lemma exists_gam_pow_into_fundamental_domain:
  assumes "emb x > 0"
  obtains k where "1 \<le> emb (gam_pow k * x)" "emb (gam_pow k * x) < \<gamma>"
proof
  have g1: "\<gamma> > 1" using gamma_lower by simp
  define l where "l = log \<gamma> (emb x)"
  have "emb x = \<gamma> powr l" using assms g1 by (simp add: l_def)
  then have emb_eq: "emb (gam_pow (- \<lfloor>l\<rfloor>) * x) = \<gamma> powr (l - \<lfloor>l\<rfloor>)"
    by (simp add: emb_mult emb_gam_pow powr_add[symmetric])
  have "0 \<le> l - \<lfloor>l\<rfloor>" "l - \<lfloor>l\<rfloor> < 1"
    using floor_correct[of l] by linarith+
  then show "1 \<le> emb (gam_pow (- \<lfloor>l\<rfloor>) * x)" "emb (gam_pow (- \<lfloor>l\<rfloor>) * x) < \<gamma>"
    unfolding emb_eq using g1 powr_less_mono[of "l - \<lfloor>l\<rfloor>" 1 \<gamma>]
    by (simp_all add: ge_one_powr_ge_zero)
qed

lemma small_norm_associate:
  assumes "znorm x \<in> {1, -1, 5, -5, 7, -7}"
  obtains k \<rho> where "\<rho> \<in> {ZG 1 0 0, ZG (-1) (-1) 2, ZG (-2) 1 1}"
    and "x = gam_pow k * \<rho> \<or> x = - (gam_pow k * \<rho>)"
proof -
  define x' where "x' = (if emb x > 0 then x else - x)"
  have "emb x \<noteq> 0" using assms by (intro emb_nonzero_if_znorm_nonzero) auto
  then have "emb x' > 0" by (simp add: x'_def emb_uminus)
  then obtain k where k: "1 \<le> emb (gam_pow k * x')" "emb (gam_pow k * x') < \<gamma>"
    by (rule exists_gam_pow_into_fundamental_domain)
  have "znorm (gam_pow k * x') \<ge> 0"
    using k by (intro znorm_nonneg_if_emb_pos) simp
  moreover have "znorm (gam_pow k * x') \<in> {1, -1, 5, -5, 7, -7}"
    using assms by (auto simp: x'_def znorm_uminus znorm_gam_pow_mult)
  ultimately have \<rho>: "gam_pow k * x' \<in> {ZG 1 0 0, ZG (-1) (-1) 2, ZG (-2) 1 1}"
    using k by (intro fundamental_domain_small_norm) auto
  have "gam_pow (- k) * gam_pow k = 1"
    using gam_pow_add[of "- k" k] by (simp add: gam_pow_def)
  then have "x' = gam_pow (- k) * (gam_pow k * x')"
    by (simp add: mult.assoc[symmetric])
  moreover have "x = x' \<or> x = - x'" by (simp add: x'_def)
  ultimately show ?thesis using that[OF \<rho>] by metis
qed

TASK DETAILS: Look through the data above. Copy every line with the string "gamma" in it.

ANSWER SECTION:
  obtains k where "1 \<le> emb (gam_pow k * x)" "emb (gam_pow k * x) < \<gamma>"
  have g1: "\<gamma> > 1" using gamma_lower by simp
  define l where "l = log \<gamma> (emb x)"
  have "emb x = \<gamma> powr l" using assms g1 by (simp add: l_def)
  then have emb_eq: "emb (gam_pow (- \<lfloor>l\<rfloor>) * x) = \<gamma> powr (l - \<lfloor>l\<rfloor>)"
  then show "1 \<le> emb (gam_pow (- \<lfloor>l\<rfloor>) * x)" "emb (gam_pow (- \<lfloor>l\<rfloor>) * x) < \<gamma>"
    unfolding emb_eq using g1 powr_less_mono[of "l - \<lfloor>l\<rfloor>" 1 \<gamma>]
  then obtain k where k: "1 \<le> emb (gam_pow k * x')" "emb (gam_pow k * x') < \<gamma>"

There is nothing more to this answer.